Nur weil das Spiel "Dungeons" heißt, mit "Sei böse!" lockt und ich alles unter Tage einfach spielen muss, habe ich skeptisch (M.U.D . TV, Wertung: 44%), aber durchaus neugierig dieses Abenteuer von Realmforge installiert. Helden anlocken, mästen und vernichten klingt doch als Spielziel gar nicht so schlecht - sie dürfen nur nicht das Dungeonherz erreichen! Ich habe also ein wenig auf eine kreative Evolution des Klassikers gehofft: Vor mehr als dreizehn Jahren konnten mich die Jungs von Bullfrog zum Kerkermeister machen - für ganze Nächte!
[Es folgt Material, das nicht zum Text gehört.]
(* For $x,y\in\mathrm{dS}^d$ the following are equivalent: (i) $(x,y)\in G_{\mathbb C}.(\Xi_+\times\Xi_+)$; (ii) $\beta(x,y)>-1$; (iii) $\beta(x-y,x-y)<0$. In particular $\{x\in\mathrm{dS}^d:(x,e_1)\in G_{\mathbb C}.(\Xi_+\times\Xi_+)\}=\{x\in\mathrm{dS}^d: x_1<1\}$.
   Context: Let $d\ge1$. On $\mathbb C^{1+d}$ (standard basis $e_0,\dots,e_d$) let $\beta(z,w)=z_0w_0-z_1w_1-\dots-z_dw_d$, $V=\mathbb R^{1+d}$, $V_+=\{x\in V:x_0>0,\beta(x,x)>0\}$, $\mathrm{dS}^d_{\mathbb C}=\{z:\beta(z,z)=-1\}$, $\mathrm{dS}^d=\mathrm{dS}^d_{\mathbb C}\cap V$ (de Sitter space), $\Xi_+=\mathrm{dS}^d_{\mathbb C}\cap(V+iV_+)$. $G_{\mathbb C}=\mathrm{SO}_{1+d}(\mathbb C)$ (determinant-one complex linear maps preserving $\beta$) acts on pairs by $g.(z,w)=(gz,\overline g w)$, where $\overline g$ is the entrywise complex conjugate. *)

theory Defs
  imports "Jordan_Normal_Form.Determinant"
begin

(* Vectors in C^{1+d} / R^{1+d} are JNF vectors of dimension d+1, indices 0..d. *)

definition beta :: "nat \<Rightarrow> 'a::comm_ring_1 vec \<Rightarrow> 'a vec \<Rightarrow> 'a" where
  "beta d z w = z $ 0 * w $ 0 - (\<Sum>i\<in>{1..d}. z $ i * w $ i)"

definition Vplus :: "nat \<Rightarrow> real vec set" where
  "Vplus d = {x \<in> carrier_vec (d+1). x $ 0 > 0 \<and> beta d x x > 0}"

definition dSC :: "nat \<Rightarrow> complex vec set" where
  "dSC d = {z \<in> carrier_vec (d+1). beta d z z = -1}"

definition dS :: "nat \<Rightarrow> real vec set" where
  "dS d = {x \<in> carrier_vec (d+1). beta d x x = -1}"

definition XiPlus :: "nat \<Rightarrow> complex vec set" where
  "XiPlus d = {z \<in> dSC d. map_vec Im z \<in> Vplus d}"

definition GC :: "nat \<Rightarrow> complex mat set" where
  "GC d = {g \<in> carrier_mat (d+1) (d+1). det g = 1 \<and>
      (\<forall>z \<in> carrier_vec (d+1). \<forall>w \<in> carrier_vec (d+1). beta d (g *\<^sub>v z) (g *\<^sub>v w) = beta d z w)}"

definition GXi :: "nat \<Rightarrow> (complex vec \<times> complex vec) set" where
  "GXi d = {(g *\<^sub>v z, map_mat cnj g *\<^sub>v w) | g z w. g \<in> GC d \<and> z \<in> XiPlus d \<and> w \<in> XiPlus d}"

abbreviation cvec :: "real vec \<Rightarrow> complex vec" where
  "cvec x \<equiv> map_vec complex_of_real x"

end

(*
  Write z = a + i b and w = c + i e for z, w in the crown. The equations
  beta(z,z) = beta(w,w) = -1 say that a is orthogonal to b, c to e, and
  beta(a,a) = beta(b,b) - 1, beta(c,c) = beta(e,e) - 1. If (x, y) = (g z, conj(g) w)
  with x, y real, then beta(x,y) = beta(z, conj w) is real, i.e. a - c is orthogonal
  to the future timelike vector b + e. Hence beta(a - c, a - c) <= 0, which expands
  to beta(x,y) = beta(a,c) + beta(b,e) > -1.

  Conversely, if beta(x,y) > -1, then x = m + r f and y = m - r f with f a unit
  spacelike vector orthogonal to m and r^2 = beta(m,m) + 1 > 0, and there is a unit
  timelike e orthogonal to f with beta(m,e)^2 < r^2. The boosts of rapidity +-i pi/2
  in the plane spanned by e and f map x and y to points with imaginary parts
  r e +- beta(m,e) f, which lie in V_+ for a suitable sign of e; so these points lie
  in the crown. The boost of rapidity -i pi/2 maps them back to x and y, and it lies
  in SO(1+d, C): it preserves beta, and being the square of the boost of rapidity
  -i pi/4, whose determinant is +-1, it has determinant 1.

  Finally beta(x - y, x - y) = -2 - 2 beta(x,y) on de Sitter space.
*)

theory Submission
  imports Defs "HOL-Analysis.Convex"
begin

section \<open>Bilinear algebra of \<open>\<beta>\<close>\<close>

lemma beta_commute: "beta d u w = beta d w u"
  by (simp add: beta_def mult.commute)

lemma beta_add_left:
  fixes u v w :: "'a::comm_ring_1 vec"
  assumes "u \<in> carrier_vec (d+1)" "v \<in> carrier_vec (d+1)"
  shows "beta d (u + v) w = beta d u w + beta d v w"
  using assms by (simp add: beta_def algebra_simps sum.distrib)

lemma beta_diff_left:
  fixes u v w :: "'a::comm_ring_1 vec"
  assumes "u \<in> carrier_vec (d+1)" "v \<in> carrier_vec (d+1)"
  shows "beta d (u - v) w = beta d u w - beta d v w"
  using assms by (simp add: beta_def algebra_simps sum_subtractf)

lemma beta_smult_left:
  fixes u w :: "'a::comm_ring_1 vec"
  assumes "u \<in> carrier_vec (d+1)"
  shows "beta d (a \<cdot>\<^sub>v u) w = a * beta d u w"
  using assms by (simp add: beta_def algebra_simps sum_distrib_left)

lemma beta_add_right:
  fixes u v w :: "'a::comm_ring_1 vec"
  assumes "u \<in> carrier_vec (d+1)" "v \<in> carrier_vec (d+1)"
  shows "beta d w (u + v) = beta d w u + beta d w v"
  using beta_add_left[OF assms] beta_commute by metis

lemma beta_diff_right:
  fixes u v w :: "'a::comm_ring_1 vec"
  assumes "u \<in> carrier_vec (d+1)" "v \<in> carrier_vec (d+1)"
  shows "beta d w (u - v) = beta d w u - beta d w v"
  using beta_diff_left[OF assms] beta_commute by metis

lemma beta_smult_right:
  fixes u w :: "'a::comm_ring_1 vec"
  assumes "u \<in> carrier_vec (d+1)"
  shows "beta d w (a \<cdot>\<^sub>v u) = a * beta d w u"
  using beta_smult_left[OF assms] beta_commute by metis

lemmas beta_bilinear = beta_add_left beta_add_right beta_diff_left beta_diff_right
  beta_smult_left beta_smult_right

lemma beta_self_real: "beta d x x = (x $ 0)\<^sup>2 - (\<Sum>i\<in>{1..d}. (x $ i)\<^sup>2)"
  for x :: "real vec"
  by (simp add: beta_def power2_eq_square)

lemma beta_unit_vec:
  assumes "x \<in> carrier_vec (d+1)" "1 \<le> i" "i \<le> d"
  shows "beta d x (unit_vec (d+1) i) = - (x $ i)"
proof -
  have "(\<Sum>j\<in>{1..d}. x $ j * unit_vec (d+1) i $ j) = (\<Sum>j\<in>{1..d}. if j = i then x $ i else 0)"
    using assms by (intro sum.cong) auto
  with assms show ?thesis
    by (simp add: beta_def)
qed

lemma unit_vec_in_dS:
  assumes "1 \<le> i" "i \<le> d"
  shows "unit_vec (d+1) i \<in> dS d"
  using beta_unit_vec[of "unit_vec (d+1) i" d i] assms by (simp add: dS_def)

lemma beta_diff_self_dS:
  assumes "x \<in> dS d" "y \<in> dS d"
  shows "beta d (x - y) (x - y) = -2 - 2 * beta d x y"
  using assms beta_commute[of d y x] by (simp add: dS_def beta_bilinear)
Das hat damals so viel Spaß in Dungeon Keeper gemacht, dass ich die Eiserne Jungfrau bis heute durch die Flure streifen sehen. Da müsste es doch ein Leichtes sein, die labyrinthische Nostalgie in ebenso frische wie blutige (und natürlich witzige) Faszination umzuwandeln...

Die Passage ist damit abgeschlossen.